The way the NHS procures goods and services looks set for another major overhaul that could directly affect many suppliers.
Leaked proposals have suggested that the NHS’s buying power for goods and services might be switched from individual trusts to central teams.
The proposals would see national teams overseeing buying strategies for individual categories worth up to £10 billion, in a centre-led approach, rather than NHS trusts retaining autonomy over how they buy items across IT, estates and services. These national teams will be responsible for implementing the category strategies at local level and focusing on logistics and supply chain issues.
NHSI has stated that the model’s blueprint has not yet been completed, but that it will be shared when finished. Implementation of the plans was meant to begin in April, but a further contract has not been awarded for this and the regulator refused to say why the programme is delayed.

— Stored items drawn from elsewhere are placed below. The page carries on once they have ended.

text \<open>The side condition of PRUNE is what makes jumping back from the leaf to the prune
  target lose no fulfilment below w.\<close>
lemma prune_jump_keeps_unfulfilled:
  assumes leaf: "leaf_at n" and base: "prefix w (prune_base (node n))"
    and ev: "Nxt (Until a b) \<in> lab w" and unf: "\<not> fulfilled lab b w (node (Suc n))"
  shows "\<not> fulfilled lab b w (node n)"
proof
  define x where "x = node n"
  define u where "u = prune_base x"
  define v where "v = prune_target x"
  assume "fulfilled lab b w (node n)"
  then obtain y where "strict_prefix w y" and yx: "prefix y x" and "b \<in> lab y"
    by (auto simp: fulfilled_def x_def)
  have pair: "prune_pair lab x u v"
    using leaf_at_pruned(3)[OF leaf] by (simp add: x_def u_def v_def)
  then have uv: "prefix u v" and vx: "strict_prefix v x" and lab_v: "lab v = lab x"
    by (simp_all add: prune_pair_def)
  have wu: "prefix w u"
    using base by (simp add: u_def x_def)
  have unf_v: "\<not> fulfilled lab b w v"
    using unf run_Suc_leaf[OF leaf] by (simp add: v_def x_def)
  with \<open>strict_prefix w y\<close> \<open>b \<in> lab y\<close> have "\<not> prefix y v"
    by (auto simp: fulfilled_def)
  with yx vx have "strict_prefix v y"
    using prefix_same_cases prefix_order.less_imp_le prefix_order.le_neq_trans by metis
  with yx \<open>b \<in> lab y\<close> have "fulfilled lab b v x"
    by (auto simp: fulfilled_def)
  moreover have "Nxt (Until a b) \<in> lab x"
    using pending_eventuality_persists[OF ev _ _ unf_v] wu uv lab_v run_sound[of "Suc n"]
      run_Suc_leaf[OF leaf] poised_Until_notin[OF leaf_at_pruned(1)[OF leaf]] prefix_order.trans
    by (metis v_def x_def)
  ultimately have "fulfilled lab b u v"
    using pair by (auto simp: prune_pair_def)
  with wu unf_v show False
    using fulfilled_mono_left by blast
qed

lemma postponed_leaf_step:
  assumes "postponed w T n" and leaf: "leaf_at n" and "prefix w (prune_base (node n))"
  shows "postponed w T (Suc n)"
  unfolding postponed_def
proof (intro allI impI)
  fix a b s
  assume ev: "Nxt (Until a b) \<in> lab w" and unf: "\<not> fulfilled lab b w (node (Suc n))"
    and s: "T < s \<and> s \<le> time (Suc n)"
  have step: "node (Suc n) = prune_target (node n)" "time (Suc n) = time n"
    using run_Suc_leaf[OF leaf] by simp_all
  moreover have "lab (prune_target (node n)) = lab (node n)"
    using leaf_at_pruned(3)[OF leaf] by (simp add: prune_pair_def)
  moreover have "\<not> fulfilled lab b w (node n)"
    using prune_jump_keeps_unfulfilled[OF leaf assms(3) ev unf] .
  ultimately show "\<not> sat g (suffix s \<sigma>) b \<or> (s = time (Suc n) \<and> Until a b \<in> lab (node (Suc n)))"
    using assms(1) ev s by (auto simp: postponed_def)
qed

lemma postponed_Suc:
  assumes "postponed w T n" and "prefix w (node n)" and "leaf_at n \<Longrightarrow> prefix w (prune_base (node n))"
  shows "postponed w T (Suc n)"
  using assms postponed_poised_step postponed_static_step postponed_leaf_step by blast

lemma postponed_since_settled:
  assumes "\<And>n. m \<le> n \<Longrightarrow> prefix w (node n)"
    and "\<And>n. m \<le> n \<Longrightarrow> leaf_at n \<Longrightarrow> prefix w (prune_base (node n))"
    and "m \<le> n"
  shows "postponed w (time m) n"
  using assms(3)
proof (induction n rule: dec_induct)
  case base
  show ?case by (auto simp: postponed_def)
next
  case (step n)
  then show ?case using postponed_Suc assms(1,2) by simp
qed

The draft blueprint proposes a major shake-up of NHS procurement, including:
- Building nationally led category teams to develop future NHS buying strategies;
- Designing and implement automated processes with procurement teams before ‘industrialising the solution(s) for national roll-out’;
- Developing a world-class supply chain analytics and insight tool.

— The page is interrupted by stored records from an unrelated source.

(* Let $M$ be an $\mathcal L$-atomic module and let $\mathcal L'=\bigcup_{i\in I}\mathcal L_i$ be a class of modules with $\mathcal L'\subseteq\langle\mathcal L\rangle$. If $M$ is strict $\mathcal L_i$-atomic for every $i\in I$, then $M$ is strict $\mathcal L'$-atomic.
   Context: $R$ is an associative ring with $1$; "module" means left $R$-module; $\mathcal L$ and all other classes are nonempty classes of modules. A pp (positive primitive) formula $\phi(\bar x)$ is an existentially quantified finite system of $R$-linear equations; $\phi(M)$ denotes the set of tuples of $M$ satisfying it. For a class $\mathcal L$ and pp formulas $\phi,\psi$ in the same free variables, $\phi\le_{\mathcal L}\psi$ means $\phi(L)\subseteq\psi(L)$ for all $L\in\mathcal L$. ${\rm pp}_M(\bar m)$ is the set of pp formulas satisfied by the tuple $\bar m$ in $M$. $\langle\mathcal L\rangle$ denotes the definable subcategory generated by $\mathcal L$, i.e. the class of all modules $N$ with $\phi(N)\subseteq\psi(N)$ whenever $\phi\le_{\mathcal L}\psi$. A module $M$ is $\mathcal L$-atomic if for every finite tuple $\bar m$ in $M$ there is $\phi\in{\rm pp}_M(\bar m)$ with $\phi\le_{\mathcal L}\psi$ for all $\psi\in{\rm pp}_M(\bar m)$. A pointed module $(M,\bar m)$ is an $\mathcal L$-free realization of a pp formula $\phi$ if $\bar m\in\phi(M)$ and for every $L\in\mathcal L$ and every $\bar c\in\phi(L)$ there is a homomorphism $M\to L$ sending $\bar m$ to $\bar c$ ($M$ need not be in $\mathcal L$). $M$ is strict $\mathcal L$-atomic if every finite tuple in $M$ is an $\mathcal L$-free realization of some pp formula. *)

theory Defs
  imports "HOL-Algebra.Module"
begin

text \<open>Left modules over an arbitrary (not necessarily commutative) ring with 1.
  Same axioms as the library locale module, but with ring instead of cring.\<close>

locale lmodule = R?: ring R + M?: abelian_group M
  for R :: "('r, 'rr) ring_scheme" (structure) and M :: "('r, 'm, 'mm) module_scheme" (structure) +
  assumes smult_closed [simp, intro]:
      "\<lbrakk> a \<in> carrier R; x \<in> carrier M \<rbrakk> \<Longrightarrow> a \<odot>\<^bsub>M\<^esub> x \<in> carrier M"
    and smult_l_distr:
      "\<lbrakk> a \<in> carrier R; b \<in> carrier R; x \<in> carrier M \<rbrakk> \<Longrightarrow>
      (a \<oplus>\<^bsub>R\<^esub> b) \<odot>\<^bsub>M\<^esub> x = a \<odot>\<^bsub>M\<^esub> x \<oplus>\<^bsub>M\<^esub> b \<odot>\<^bsub>M\<^esub> x"
    and smult_r_distr:
      "\<lbrakk> a \<in> carrier R; x \<in> carrier M; y \<in> carrier M \<rbrakk> \<Longrightarrow>
      a \<odot>\<^bsub>M\<^esub> (x \<oplus>\<^bsub>M\<^esub> y) = a \<odot>\<^bsub>M\<^esub> x \<oplus>\<^bsub>M\<^esub> a \<odot>\<^bsub>M\<^esub> y"
    and smult_assoc1:
      "\<lbrakk> a \<in> carrier R; b \<in> carrier R; x \<in> carrier M \<rbrakk> \<Longrightarrow>
      (a \<otimes>\<^bsub>R\<^esub> b) \<odot>\<^bsub>M\<^esub> x = a \<odot>\<^bsub>M\<^esub> (b \<odot>\<^bsub>M\<^esub> x)"
    and smult_one [simp]:
      "x \<in> carrier M \<Longrightarrow> \<one>\<^bsub>R\<^esub> \<odot>\<^bsub>M\<^esub> x = x"

definition lmod_hom ::
  "('r, 'rr) ring_scheme \<Rightarrow> ('r, 'm, 'mm) module_scheme \<Rightarrow> ('r, 'n, 'nn) module_scheme \<Rightarrow> ('m \<Rightarrow> 'n) set" where
  "lmod_hom R M N = {h. h \<in> carrier M \<rightarrow> carrier N \<and>
     (\<forall>x\<in>carrier M. \<forall>y\<in>carrier M. h (x \<oplus>\<^bsub>M\<^esub> y) = h x \<oplus>\<^bsub>N\<^esub> h y) \<and>
     (\<forall>a\<in>carrier R. \<forall>x\<in>carrier M. h (a \<odot>\<^bsub>M\<^esub> x) = a \<odot>\<^bsub>N\<^esub> h x)}"

text \<open>A pp formula is represented as a pair (k, E): k existentially quantified
  variables and a finite list E of R-linear equations. A pp formula in n free
  variables x_0..x_(n-1): each equation e :: nat \<Rightarrow> 'r gives coefficients, the
  equation reads  sum_(j < n+k) e j * z_j = 0  where z = x @ y (y the bound
  variables).\<close>
type_synonym 'r ppf = "nat \<times> (nat \<Rightarrow> 'r) list"

definition is_pp :: "('r, 'rr) ring_scheme \<Rightarrow> nat \<Rightarrow> 'r ppf \<Rightarrow> bool" where
  "is_pp R n \<phi> \<longleftrightarrow> (\<forall>e\<in>set (snd \<phi>). \<forall>j < n + fst \<phi>. e j \<in> carrier R)"

definition pp_def_set :: "('r, 'm, 'mm) module_scheme \<Rightarrow> nat \<Rightarrow> 'r ppf \<Rightarrow> 'm list set" where
  "pp_def_set M n \<phi> = {x. length x = n \<and> set x \<subseteq> carrier M \<and>
     (\<exists>y. length y = fst \<phi> \<and> set y \<subseteq> carrier M \<and>
        (\<forall>e\<in>set (snd \<phi>).
           (\<Oplus>\<^bsub>M\<^esub> j\<in>{..<n + fst \<phi>}. e j \<odot>\<^bsub>M\<^esub> ((x @ y) ! j)) = \<zero>\<^bsub>M\<^esub>))}"

definition pp_le :: "('r, 'rr) ring_scheme \<Rightarrow> ('r, 'a, 'aa) module_scheme set \<Rightarrow> nat \<Rightarrow> 'r ppf \<Rightarrow> 'r ppf \<Rightarrow> bool" where
  "pp_le R \<L> n \<phi> \<psi> \<longleftrightarrow> (\<forall>L\<in>\<L>. pp_def_set L n \<phi> \<subseteq> pp_def_set L n \<psi>)"

definition pp_type :: "('r, 'rr) ring_scheme \<Rightarrow> ('r, 'm, 'mm) module_scheme \<Rightarrow> 'm list \<Rightarrow> 'r ppf set" where
  "pp_type R M m = {\<phi>. is_pp R (length m) \<phi> \<and> m \<in> pp_def_set M (length m) \<phi>}"

definition in_def_subcat :: "('r, 'rr) ring_scheme \<Rightarrow> ('r, 'a, 'aa) module_scheme set \<Rightarrow> ('r, 'n, 'nn) module_scheme \<Rightarrow> bool" where
  "in_def_subcat R \<L> N \<longleftrightarrow> lmodule R N \<and>
     (\<forall>n \<phi> \<psi>. is_pp R n \<phi> \<longrightarrow> is_pp R n \<psi> \<longrightarrow> pp_le R \<L> n \<phi> \<psi> \<longrightarrow>
        pp_def_set N n \<phi> \<subseteq> pp_def_set N n \<psi>)"

definition L_atomic :: "('r, 'rr) ring_scheme \<Rightarrow> ('r, 'a, 'aa) module_scheme set \<Rightarrow> ('r, 'm, 'mm) module_scheme \<Rightarrow> bool" where
  "L_atomic R \<L> M \<longleftrightarrow> (\<forall>m. set m \<subseteq> carrier M \<longrightarrow>
     (\<exists>\<phi>\<in>pp_type R M m. \<forall>\<psi>\<in>pp_type R M m. pp_le R \<L> (length m) \<phi> \<psi>))"

definition free_realization :: "('r, 'rr) ring_scheme \<Rightarrow> ('r, 'a, 'aa) module_scheme set \<Rightarrow> 'r ppf \<Rightarrow> ('r, 'm, 'mm) module_scheme \<Rightarrow> 'm list \<Rightarrow> bool" where
  "free_realization R \<L> \<phi> M m \<longleftrightarrow> m \<in> pp_def_set M (length m) \<phi> \<and>
     (\<forall>L\<in>\<L>. \<forall>c\<in>pp_def_set L (length m) \<phi>. \<exists>h\<in>lmod_hom R M L. map h m = c)"

definition strict_L_atomic :: "('r, 'rr) ring_scheme \<Rightarrow> ('r, 'a, 'aa) module_scheme set \<Rightarrow> ('r, 'm, 'mm) module_scheme \<Rightarrow> bool" where
  "strict_L_atomic R \<L> M \<longleftrightarrow> (\<forall>m. set m \<subseteq> carrier M \<longrightarrow>
     (\<exists>\<phi>. is_pp R (length m) \<phi> \<and> free_realization R \<L> \<phi> M m))"

end

theory Submission
  imports Defs
begin

text \<open>If \<open>\<phi>\<close> generates the pp-type of \<open>m\<close> in \<open>M\<close> relative to \<open>\<L>\<close>, then \<open>\<phi>\<close> implies every
  formula freely realized by \<open>m\<close>, in every module of \<open>\<langle>\<L>\<rangle>\<close>. So whenever \<open>(M, m)\<close> is an
  \<open>\<L>\<^sub>i\<close>-free realization of some \<open>\<psi>\<close>, it is also one of \<open>\<phi>\<close>; and a single formula freely
  realized relative to every \<open>\<L>\<^sub>i\<close> is freely realized relative to their union.\<close>

definition pp_type_generator ::
  "('r, 'rr) ring_scheme \<Rightarrow> ('r, 'a, 'aa) module_scheme set \<Rightarrow> ('r, 'm, 'mm) module_scheme \<Rightarrow>
   'm list \<Rightarrow> 'r ppf \<Rightarrow> bool" where
  "pp_type_generator R \<L> M m \<phi> \<longleftrightarrow>
     \<phi> \<in> pp_type R M m \<and> (\<forall>\<psi>\<in>pp_type R M m. pp_le R \<L> (length m) \<phi> \<psi>)"

lemma L_atomic_obtains_generator:
  assumes "L_atomic R \<L> M" and "set m \<subseteq> carrier M"
  obtains \<phi> where "pp_type_generator R \<L> M m \<phi>"
  using assms unfolding L_atomic_def pp_type_generator_def by blast

lemma free_realization_in_pp_type:
  assumes "is_pp R (length m) \<psi>" and "free_realization R \<K> \<psi> M m"
  shows "\<psi> \<in> pp_type R M m"
  using assms by (simp add: pp_type_def free_realization_def)

lemma in_def_subcat_pp_le_subset:
  assumes "in_def_subcat R \<L> N" and "is_pp R n \<phi>" and "is_pp R n \<psi>" and "pp_le R \<L> n \<phi> \<psi>"
  shows "pp_def_set N n \<phi> \<subseteq> pp_def_set N n \<psi>"
  using assms unfolding in_def_subcat_def by blast

lemma free_realization_strengthen:
  assumes "free_realization R \<K> \<psi> M m"
    and "m \<in> pp_def_set M (length m) \<phi>"
    and "\<forall>L\<in>\<K>. pp_def_set L (length m) \<phi> \<subseteq> pp_def_set L (length m) \<psi>"
  shows "free_realization R \<K> \<phi> M m"
  using assms unfolding free_realization_def by blast

lemma free_realization_UN:
  assumes "\<forall>i\<in>I. free_realization R (\<K> i) \<phi> M m" and "m \<in> pp_def_set M (length m) \<phi>"
  shows "free_realization R (\<Union>i\<in>I. \<K> i) \<phi> M m"
  using assms unfolding free_realization_def by blast

lemma pp_type_generator_free_realization:
  assumes gen: "pp_type_generator R \<L> M m \<phi>"
    and strict: "strict_L_atomic R \<K> M" and m: "set m \<subseteq> carrier M"
    and subcat: "\<forall>N\<in>\<K>. in_def_subcat R \<L> N"
  shows "free_realization R \<K> \<phi> M m"
proof -
  from strict m obtain \<psi> where \<psi>: "is_pp R (length m) \<psi>"
    and fr: "free_realization R \<K> \<psi> M m"
    unfolding strict_L_atomic_def by blast
  have "\<psi> \<in> pp_type R M m"
    using \<psi> fr by (rule free_realization_in_pp_type)
  with gen have le: "pp_le R \<L> (length m) \<phi> \<psi>" and \<phi>: "\<phi> \<in> pp_type R M m"
    unfolding pp_type_generator_def by blast+
  have "m \<in> pp_def_set M (length m) \<phi>"
    using \<phi> by (simp add: pp_type_def)
  moreover have "\<forall>L\<in>\<K>. pp_def_set L (length m) \<phi> \<subseteq> pp_def_set L (length m) \<psi>"
  proof
    fix L assume "L \<in> \<K>"
    with subcat have "in_def_subcat R \<L> L" ..
    moreover have "is_pp R (length m) \<phi>"
      using \<phi> by (simp add: pp_type_def)
    ultimately show "pp_def_set L (length m) \<phi> \<subseteq> pp_def_set L (length m) \<psi>"
      using \<psi> le by (rule in_def_subcat_pp_le_subset)
  qed
  ultimately show ?thesis
    by (rule free_realization_strengthen[OF fr])
qed

theorem lemma2p2:
  fixes R :: "('r, 'rr) ring_scheme"
    and \<L> :: "('r, 'a, 'aa) module_scheme set"
    and \<L>i :: "'i \<Rightarrow> ('r, 'b, 'bb) module_scheme set"
    and I :: "'i set"
    and M :: "('r, 'm, 'mm) module_scheme"
  assumes "ring R"
    and "\<L> \<noteq> {}" and "\<forall>L\<in>\<L>. lmodule R L"
    and "\<forall>i\<in>I. \<L>i i \<noteq> {} \<and> (\<forall>L\<in>\<L>i i. lmodule R L)"
    and "(\<Union>i\<in>I. \<L>i i) \<noteq> {}"
    and "lmodule R M"
    and "L_atomic R \<L> M"
    and "\<forall>N\<in>(\<Union>i\<in>I. \<L>i i). in_def_subcat R \<L> N"
    and "\<forall>i\<in>I. strict_L_atomic R (\<L>i i) M"
  shows "strict_L_atomic R (\<Union>i\<in>I. \<L>i i) M"
  unfolding strict_L_atomic_def
proof (intro allI impI)
  fix m assume m: "set m \<subseteq> carrier M"
  obtain \<phi> where gen: "pp_type_generator R \<L> M m \<phi>"
    using assms(7) m by (rule L_atomic_obtains_generator)
  then have \<phi>: "\<phi> \<in> pp_type R M m"
    unfolding pp_type_generator_def by blast
  have "\<forall>i\<in>I. free_realization R (\<L>i i) \<phi> M m"
  proof
    fix i assume "i \<in> I"
    then show "free_realization R (\<L>i i) \<phi> M m"
      using assms(8,9) by (intro pp_type_generator_free_realization[OF gen _ m]) auto
  qed
  then have "free_realization R (\<Union>i\<in>I. \<L>i i) \<phi> M m"
    using \<phi> by (intro free_realization_UN) (simp_all add: pp_type_def)
  with \<phi> show "\<exists>\<phi>. is_pp R (length m) \<phi> \<and> free_realization R (\<Union>i\<in>I. \<L>i i) \<phi> M m"
    unfolding pp_type_def by blast
qed

end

The blueprint does not give details of how the model, if implemented, would be enforced across the NHS, but a timeline included in the blueprint states the priorities for the next six months include a ‘long-term leadership and governance structure’.
The leaked document also highlights that roles will become ‘more focused on change management, demand management and business/clinical partnering’, meaning that staff will be asked to focus on contract management and other commercial tasks.
The leaked plan also does not include any mention of including clinical staff in procurement decisions, despite the fact that they are key stakeholders when it comes to the selection of medical devices.
The Health Care Supply Association, which represents the interests of NHS procurement staff, has taken issue with the proposed plans warning that the “change cannot be imposed” and that ‘it needs to be co-delivered’. Instead it transpires that the new model is being run by NHS Improvement with the help of management consultancy Deloitte and a small number of NHS procurement staff.
The leaked plans demonstrate a similar approach to those taken around changes to NHS Supply Chain where procurement has been centralised and according to HSJ “integrated category and market management teams” will be the “driving force for procurement activity across the NHS. They will own and develop a single approach to each spend category to leverage economies of scale and drive market innovations”.
Effectively, the goal is to ensure that procurement staff adhere to centrally-set strategies for procurement.
This issue was first reported by Health Service Journal.